To determine which student's solution is accurate, we need to analyze the steps taken by both Jamal and George in solving the quadratic equation \(x^2 + 4x - 5 = 7\).
First, we should rewrite George's equation \(x^2 + 4x - 5 = 7\) in standard form:
- Subtract 7 from both sides: \[ x^2 + 4x - 5 - 7 = 0 \implies x^2 + 4x - 12 = 0 \]
Now we can evaluate both students based on the original equation:
1. Jamal's Solution:
- Jamal correctly rewrote the equation as \(x^2 + 4x - 12 = 0\).
- He factored it correctly into \((x + 6)(x - 2) = 0\).
- Jamal then set each factor equal to zero:
- \(x + 6 = 0 \implies x = -6\)
- \(x - 2 = 0 \implies x = 2\)
Therefore, Jamal has correctly applied the Zero Product Property after moving all terms to one side.
2. George's Solution:
- George started with the equation \(x^2 + 4x - 5 = 7\) but did not bring it to the correct standard form \(x^2 + 4x - 12 = 0\). He incorrectly wrote it as \((x + 5)(x - 1) = 7\), which is not the correct factorization of the standard form.
- Because he did not solve the equation correctly, applying the Zero Product Property to his incorrect factors leads to erroneous solutions: \(x = -5\) and \(x = 1\).

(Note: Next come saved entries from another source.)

lemma lipschitz_on_INF_approx:
  fixes g :: "'a::metric_space \<Rightarrow> real"
  assumes L: "L-lipschitz_on UNIV g" and r: "\<And>y. \<bar>r y - dist z y\<bar> \<le> e"
  shows "\<bar>(INF y. g y + L * r y) - g z\<bar> \<le> L * e"
proof -
  have "\<bar>(INF y. g y + L * r y) - (INF y. g y + L * dist z y)\<bar> \<le> L * e"
  proof (rule abs_INF_diff_le)
    show "bdd_below (range (\<lambda>y. g y + L * dist z y))"
    proof (rule bdd_belowI2)
      fix y
      show "g z \<le> g y + L * dist z y"
        using lipschitz_onD[OF L, of z y] by (simp add: dist_real_def abs_le_iff)
    qed
    fix y
    show "\<bar>g y + L * r y - (g y + L * dist z y)\<bar> \<le> L * e"
      using r[of y] lipschitz_on_nonneg[OF L]
      by (simp add: abs_mult right_diff_distrib[symmetric] mult_left_mono)
  qed
  then show ?thesis
    using lipschitz_on_eq_INF[OF L, of z] by simp
qed

lemma feval_AInf_rename_Suc:
  assumes "ffv \<phi> \<subseteq> {0}" and "ffv \<rho> \<subseteq> {..1}"
  shows "feval FI RI (\<lambda>_. x) (AInf 1 (AAdd (form_rename Suc \<phi>) (AScale L \<rho>)))
       = (INF y. feval FI RI (\<lambda>_. y) \<phi> + L * feval FI RI (\<lambda>i. if i = 0 then x else y) \<rho>)"
proof -
  have "feval FI RI ((\<lambda>_. x)(1 := y) \<circ> Suc) \<phi> = feval FI RI (\<lambda>_. y) \<phi>" for y
    using assms(1) by (intro feval_cong) auto
  moreover have "feval FI RI ((\<lambda>_. x)(1 := y)) \<rho> = feval FI RI (\<lambda>i. if i = 0 then x else y) \<rho>" for y
    using assms(2) by (intro feval_cong) auto
  ultimately show ?thesis
    by (simp add: feval_form_rename)
qed

lemma approx1_definable_comp:
  fixes FI :: "'f \<Rightarrow> 'a::complete_space list \<Rightarrow> 'a" and RI :: "'r \<Rightarrow> 'a list \<Rightarrow> real"
  assumes S: "is_structure fa ra FI RI" and "definable_fun fa ra FI RI f"
    and \<phi>: "\<phi> \<in> forms1 fa ra"
  shows "\<exists>\<psi>. approx1 fa ra FI RI \<psi> (\<lambda>x. feval FI RI (\<lambda>_. f x) \<phi>)"
proof -
  let ?asg = "\<lambda>x y i::nat. if i = 0 then x else y"
  from assms(2) obtain \<rho> :: "nat \<Rightarrow> ('f, 'r) aform" where
    \<rho>: "\<And>k. \<rho> k \<in> forms_n fa ra 1" and
    \<rho>_conv: "\<And>e. e > 0 \<Longrightarrow> \<exists>N. \<forall>k\<ge>N. \<forall>x y. \<bar>feval FI RI (?asg x y) (\<rho> k) - dist (f x) y\<bar> \<le> e"
    unfolding definable_fun_def by blast
  have fv_\<rho>: "ffv (\<rho> k) \<subseteq> {..1}" for k
    using \<rho>[of k] by (simp add: forms_n_def)
  from \<phi> have wf: "wf_form fa ra \<phi>" and fv: "ffv \<phi> \<subseteq> {0}"
    unfolding forms_n_def by auto
  obtain L where L: "L-lipschitz_on UNIV (\<lambda>a. feval FI RI (\<lambda>_. a) \<phi>)"
    using feval_lipschitz_on[OF S wf] .
  \<comment> \<open>\<open>\<phi>(f x) = inf\<^sub>y (\<phi>(y) + L\<cdot>d(f x, y))\<close> with \<open>d(f x, y)\<close> replaced by \<open>\<rho>\<^sub>k(x, y)\<close>\<close>
  define \<theta> where "\<theta> k = AInf 1 (AAdd (form_rename Suc \<phi>) (AScale L (\<rho> k)))" for k
  have "approx1 fa ra FI RI \<theta> (\<lambda>x. feval FI RI (\<lambda>_. f x) \<phi>)"
    unfolding approx1_def
  proof (intro conjI allI impI)
    show "\<theta> k \<in> forms1 fa ra" for k
      using \<rho>[of k] wf fv unfolding \<theta>_def forms_n_def
      by (auto simp: wf_form_rename ffv_form_rename)
    fix \<epsilon> :: real
    assume "\<epsilon> > 0"
    with lipschitz_on_nonneg[OF L] obtain N where
      N: "\<forall>k\<ge>N. \<forall>x y. \<bar>feval FI RI (?asg x y) (\<rho> k) - dist (f x) y\<bar> \<le> \<epsilon> / (L + 1)"
      using \<rho>_conv[of "\<epsilon> / (L + 1)"] by auto
    have "\<bar>feval FI RI (\<lambda>_. x) (\<theta> k) - feval FI RI (\<lambda>_. f x) \<phi>\<bar> \<le> \<epsilon>" if "k \<ge> N" for k x
    proof -
      have "\<bar>feval FI RI (\<lambda>_. x) (\<theta> k) - feval FI RI (\<lambda>_. f x) \<phi>\<bar> \<le> L * (\<epsilon> / (L + 1))"
        unfolding \<theta>_def feval_AInf_rename_Suc[OF fv fv_\<rho>]
        using N that by (intro lipschitz_on_INF_approx[OF L]) simp
      also have "\<dots> \<le> \<epsilon>"
        using lipschitz_on_nonneg[OF L] \<open>\<epsilon> > 0\<close> by (simp add: field_simps)
      finally show ?thesis .
    qed
    then show "\<exists>N. \<forall>k\<ge>N. \<forall>x. \<bar>feval FI RI (\<lambda>_. x) (\<theta> k) - feval FI RI (\<lambda>_. f x) \<phi>\<bar> \<le> \<epsilon>"
      by blast
  qed
  then show ?thesis by blast
qed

Conclusion: Jamal's solution is accurate because he properly transformed the equation into standard form \(x^2 + 4x - 12 = 0\) and factored it correctly. In contrast, George's solution is inaccurate because he did not correctly rearrange the equation before factoring, resulting in an incorrect application of the Zero Product Property. This analysis demonstrates that Jamal’s approach and final solutions of \(x = -6\) and \(x = 2\) are valid, while George’s conclusions are based on an incorrect factorization and thus are invalid.